Findings from today:
- Checked ~10 runs, these two are failing in all.
org.apache.hadoop.hbase.master.procedure.TestTruncateTableProcedure.testRecoveryAndDoubleExecutionPreserveSplits
org.apache.hadoop.hbase.master.procedure.TestTruncateTableProcedure.testSimpleTruncatePreserveSplits

- Tried debugging testSimpleTruncatePreserveSplits (since it's simpler test), 
dug around, added a bunch of logging messages (will commit shortly), in the 
end, it's not even the culprit. It finished perfectly, but then times out 
cleaning up tables in @After TestTableDDLProcedureBase#teadDown.
- More importantly, table testRecoveryAndDoubleExecutionPreserveSplits is the 
issue. 
{noformat}
2017-12-06 22:42:44,216 DEBUG [ProcExecWrkr-1] 
procedure.TruncateTableProcedure(134): truncate 
'testSimpleTruncatePreserveSplits' completed
2017-12-06 22:42:44,260 INFO  [ProcExecWrkr-1] 

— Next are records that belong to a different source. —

(* Let $F\in L^2(\mu)$ and $m\in\mathbb N$. Then $F\in\mathcal D^{m,2}$ if and only if \[ \sup_{0<\lambda<1}\partial_\lambda^m\left(\int_{\mathcal S'_{\mathbb C}}|SF(\lambda u)|^2\,d\nu(u)\right)<\infty . \]
   Context: Let $\mu$ be the white noise (standard Gaussian) measure on the tempered distributions $\mathcal S'=\mathcal S'(\mathbb R;\mathbb R)$, i.e. $\int e^{i\langle\xi,x\rangle}d\mu(x)=e^{-|\xi|^2/2}$ for $\xi$ in the Schwartz space $\mathcal S$, where $|\cdot|$ is the $L^2(\mathbb R,dx)$ norm. Every $F\in L^2(\mu)$ (complex valued) has a Wiener–Itô chaos decomposition $F=\sum_{n\ge0}\langle F^{(n)},:\cdot^{\otimes n}:\rangle$ with symmetric kernels $F^{(n)}\in L^2(\mathbb R^n,dx)_{\mathbb C}$ and $\|F\|^2_{L^2(\mu)}=\sum_n n!|F^{(n)}|^2$. The $S$-transform is $SF(h)=\sum_n\langle F^{(n)},h^{\otimes n}\rangle$ for $h\in\mathcal S_{\mathbb C}$ (equivalently $SF(h)=\int\exp(\langle h,\omega\rangle-\tfrac12\langle h,h\rangle)F(\omega)d\mu(\omega)$). Let $\nu$ be the Gaussian measure on $\mathcal S'_{\mathbb C}$ with $\int\exp(i\,\mathrm{Re}\langle h,\bar u\rangle)d\nu(u)=\exp(-\tfrac14\langle h,\bar h\rangle)$; for square-integrable symmetric kernels the monomials $u\mapsto\langle F^{(n)},u^{\otimes n}\rangle$ are defined in $L^2(\nu)$, mutually orthogonal for different $n$, with $\int|\langle F^{(n)},u^{\otimes n}\rangle|^2d\nu=n!|F^{(n)}|^2$, and $SF(\lambda u):=\sum_n\lambda^n\langle F^{(n)},u^{\otimes n}\rangle$. For $\alpha\in\mathbb R$, the Malliavin–Watanabe–Sobolev space $\mathcal D^{\alpha,2}$ consists of those (generalized) chaos series $\Phi$ with square-integrable symmetric kernels $\Phi^{(n)}$ such that $\|\Phi\|^2_{\alpha,2}=\sum_{n\ge0}(1+n^\alpha)\,n!\,|\Phi^{(n)}|^2<\infty$. *)

theory Defs
  imports "HOL-Probability.Probability"
begin

text \<open>Lebesgue measure on R^n, realised as the product measure on functions
  nat => real indexed by {..<n} (for n = 0 this is the one-point probability space).\<close>
definition lebesgue_n :: "nat \<Rightarrow> (nat \<Rightarrow> real) measure" where
  "lebesgue_n n = PiM {..<n} (\<lambda>_. lborel)"

definition sq_int_sym_kernel :: "nat \<Rightarrow> ((nat \<Rightarrow> real) \<Rightarrow> complex) \<Rightarrow> bool" where
  "sq_int_sym_kernel n f \<longleftrightarrow>
     f \<in> borel_measurable (lebesgue_n n) \<and>
     integrable (lebesgue_n n) (\<lambda>x. (cmod (f x))\<^sup>2) \<and>
     (\<forall>p. p permutes {..<n} \<longrightarrow> (\<forall>x\<in>space (lebesgue_n n). f (x \<circ> p) = f x))"

definition kernel_norm_sq :: "nat \<Rightarrow> ((nat \<Rightarrow> real) \<Rightarrow> complex) \<Rightarrow> real" where
  "kernel_norm_sq n f = (LINT x|lebesgue_n n. (cmod (f x))\<^sup>2)"

text \<open>Membership in the Malliavin--Watanabe--Sobolev space D^{alpha,2}, for the chaos
  series with kernels Fk: sum_n (1 + n^alpha) n! |Fk n|^2 < infinity.\<close>
definition in_D :: "real \<Rightarrow> (nat \<Rightarrow> (nat \<Rightarrow> real) \<Rightarrow> complex) \<Rightarrow> bool" where
  "in_D \<alpha> Fk \<longleftrightarrow> (\<forall>n. sq_int_sym_kernel n (Fk n)) \<and>
     summable (\<lambda>n. (1 + real n powr \<alpha>) * fact n * kernel_norm_sq n (Fk n))"

text \<open>The integral int |SF(lambda u)|^2 d nu(u), where SF(lambda u) = sum_n lambda^n mon n u
  is understood as an L^2(nu) series: the value is the limit of the squared
  L^2(nu) norms of its partial sums.\<close>
definition S_energy :: "'u measure \<Rightarrow> (nat \<Rightarrow> 'u \<Rightarrow> complex) \<Rightarrow> real \<Rightarrow> real" where
  "S_energy \<nu> mon lam =
     lim (\<lambda>N. LINT u|\<nu>. (cmod (\<Sum>n<N. complex_of_real lam ^ n * mon n u))\<^sup>2)"

end

theory Submission
  imports Defs
begin

text \<open>By orthogonality of the monomials, the energy \<open>E(\<lambda>) = \<integral> |SF(\<lambda>u)|\<^sup>2 d\<nu>(u)\<close>
  is the power series \<open>\<Sum>\<^sub>n a\<^sub>n \<lambda>\<^sup>2\<^sup>n\<close> with \<open>a\<^sub>n = n! |F\<^sup>(\<^sup>n\<^sup>)|\<^sup>2\<close> on \<open>]-1, 1[\<close>.
  Differentiating termwise, the \<open>m\<close>-th derivative of a power series \<open>\<Sum>\<^sub>k b\<^sub>k \<lambda>\<^sup>k\<close> with
  nonnegative coefficients has the nonnegative coefficients \<open>(k+1)\<cdots>(k+m) b\<^sub>k\<^sub>+\<^sub>m\<close>, so by
  monotone convergence as \<open>\<lambda> \<rightarrow> 1\<close> it is bounded on \<open>]0, 1[\<close> iff these coefficients are
  summable. As \<open>(k+1)\<cdots>(k+m)\<close> is comparable to \<open>(k+m)\<^sup>m\<close>, this means
  \<open>\<Sum>\<^sub>k k\<^sup>m b\<^sub>k < \<infinity>\<close>, i.e. \<open>\<Sum>\<^sub>n n\<^sup>m a\<^sub>n < \<infinity>\<close>, which is membership in \<open>D\<^sup>m\<^sup>,\<^sup>2\<close>.\<close>

lemma integral_cmod_sum_sq_orthogonal:
  fixes M :: "'a measure" and f :: "nat \<Rightarrow> 'a \<Rightarrow> complex" and c :: "nat \<Rightarrow> complex"
  assumes meas: "\<And>n. f n \<in> borel_measurable M"
    and L2: "\<And>n. integrable M (\<lambda>u. (cmod (f n u))\<^sup>2)"
    and orth: "\<And>n k. n \<noteq> k \<Longrightarrow> (LINT u|M. f n u * cnj (f k u)) = 0"
    and "finite I"
  shows "(LINT u|M. (cmod (\<Sum>n\<in>I. c n * f n u))\<^sup>2)
       = (\<Sum>n\<in>I. (cmod (c n))\<^sup>2 * (LINT u|M. (cmod (f n u))\<^sup>2))"
proof -
  have [measurable]: "f n \<in> borel_measurable M" for n
    using meas .
  have [measurable]: "cnj \<in> borel_measurable borel"
    by (intro borel_measurable_continuous_onI continuous_on_cnj continuous_on_id)
  have integrable_products: "integrable M (\<lambda>u. f n u * cnj (f k u))" for n k
  proof (rule Bochner_Integration.integrable_bound)
    show "integrable M (\<lambda>u. (cmod (f n u))\<^sup>2 + (cmod (f k u))\<^sup>2)"
      using L2 by auto
    show "AE u in M. norm (f n u * cnj (f k u)) \<le> norm ((cmod (f n u))\<^sup>2 + (cmod (f k u))\<^sup>2)"
    proof (intro AE_I2)
      fix u
      have "cmod (f n u) * cmod (f k u) \<le> (cmod (f n u))\<^sup>2 + (cmod (f k u))\<^sup>2"
        using sum_squares_bound[of "cmod (f n u)" "cmod (f k u)"]
          mult_nonneg_nonneg[OF norm_ge_zero norm_ge_zero, of "f n u" "f k u"]
        by linarith
      then show "norm (f n u * cnj (f k u)) \<le> norm ((cmod (f n u))\<^sup>2 + (cmod (f k u))\<^sup>2)"
        by (simp add: norm_mult)
    qed
  qed measurable
  have "complex_of_real (LINT u|M. (cmod (\<Sum>n\<in>I. c n * f n u))\<^sup>2)
      = (LINT u|M. (\<Sum>n\<in>I. c n * f n u) * cnj (\<Sum>n\<in>I. c n * f n u))"
    by (simp only: complex_norm_square[symmetric] integral_complex_of_real)
  also have "\<dots> = (LINT u|M. (\<Sum>n\<in>I. \<Sum>k\<in>I. (c n * cnj (c k)) * (f n u * cnj (f k u))))"
    by (simp add: cnj_sum sum_product mult_ac)
  also have "\<dots> = (\<Sum>n\<in>I. \<Sum>k\<in>I. (c n * cnj (c k)) * (LINT u|M. f n u * cnj (f k u)))"
    using integrable_products by (simp add: integral_sum)
  also have "\<dots> = (\<Sum>n\<in>I. \<Sum>k\<in>I. if k = n then (c n * cnj (c n)) * (LINT u|M. f n u * cnj (f n u)) else 0)"
    by (intro sum.cong refl) (auto simp: orth)
  also have "\<dots> = (\<Sum>n\<in>I. (c n * cnj (c n)) * (LINT u|M. f n u * cnj (f n u)))"
    using \<open>finite I\<close> by simp
  also have "\<dots> = complex_of_real (\<Sum>n\<in>I. (cmod (c n))\<^sup>2 * (LINT u|M. (cmod (f n u))\<^sup>2))"
    by (simp add: complex_norm_square[symmetric] flip: integral_complex_of_real)
  finally show ?thesis
    by (simp only: of_real_eq_iff)
qed

definition even_coeffs :: "(nat \<Rightarrow> 'a::zero) \<Rightarrow> nat \<Rightarrow> 'a" where
  "even_coeffs a k = (if even k then a (k div 2) else 0)"

lemma even_coeffs_nonneg: "(\<And>n. a n \<ge> 0) \<Longrightarrow> even_coeffs a k \<ge> (0::'a::{zero,order})"
  by (simp add: even_coeffs_def)

lemma sums_even_coeffs_iff:
  fixes a w :: "nat \<Rightarrow> 'a::{real_normed_algebra}"
  shows "(\<lambda>k. even_coeffs a k * w k) sums s \<longleftrightarrow> (\<lambda>n. a n * w (2 * n)) sums s"
proof -
  have "(\<lambda>n. even_coeffs a (2 * n) * w (2 * n)) sums s \<longleftrightarrow> (\<lambda>k. even_coeffs a k * w k) sums s"
    by (rule sums_mono_reindex) (auto simp: strict_mono_def even_coeffs_def elim!: evenE)
  then show ?thesis
    by (simp add: even_coeffs_def)
qed

lemma summable_even_coeffs_iff:
  fixes a w :: "nat \<Rightarrow> 'a::{real_normed_algebra}"
  shows "summable (\<lambda>k. even_coeffs a k * w k) \<longleftrightarrow> summable (\<lambda>n. a n * w (2 * n))"
  by (simp add: summable_def sums_even_coeffs_iff)

lemma summable_even_coeffs_times_power_iff:
  fixes a :: "nat \<Rightarrow> real"
  shows "summable (\<lambda>k. even_coeffs a k * real k ^ m) \<longleftrightarrow> summable (\<lambda>n. a n * real n ^ m)"
  using summable_even_coeffs_iff[of a "\<lambda>k. real k ^ m"]
  by (simp add: power_mult_distrib mult.left_commute[of _ "2 ^ m"])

procedure2.ProcedureExecutor(1246): Finished pid=99, state=SUCCESS; 
TruncateTableProcedure (table=testSimpleTruncatePreserveSplits 
preserveSplits=true) in 2.0060sec
2017-12-06 22:42:44,508 INFO  [Time-limited test] hbase.Waiter(189): Waiting up 
to [60,000] milli-secs(wait.for.ratio=[1])
2017-12-06 22:42:44,515 INFO  [Time-limited test] hbase.Waiter(189): Waiting up 
to [60,000] milli-secs(wait.for.ratio=[1])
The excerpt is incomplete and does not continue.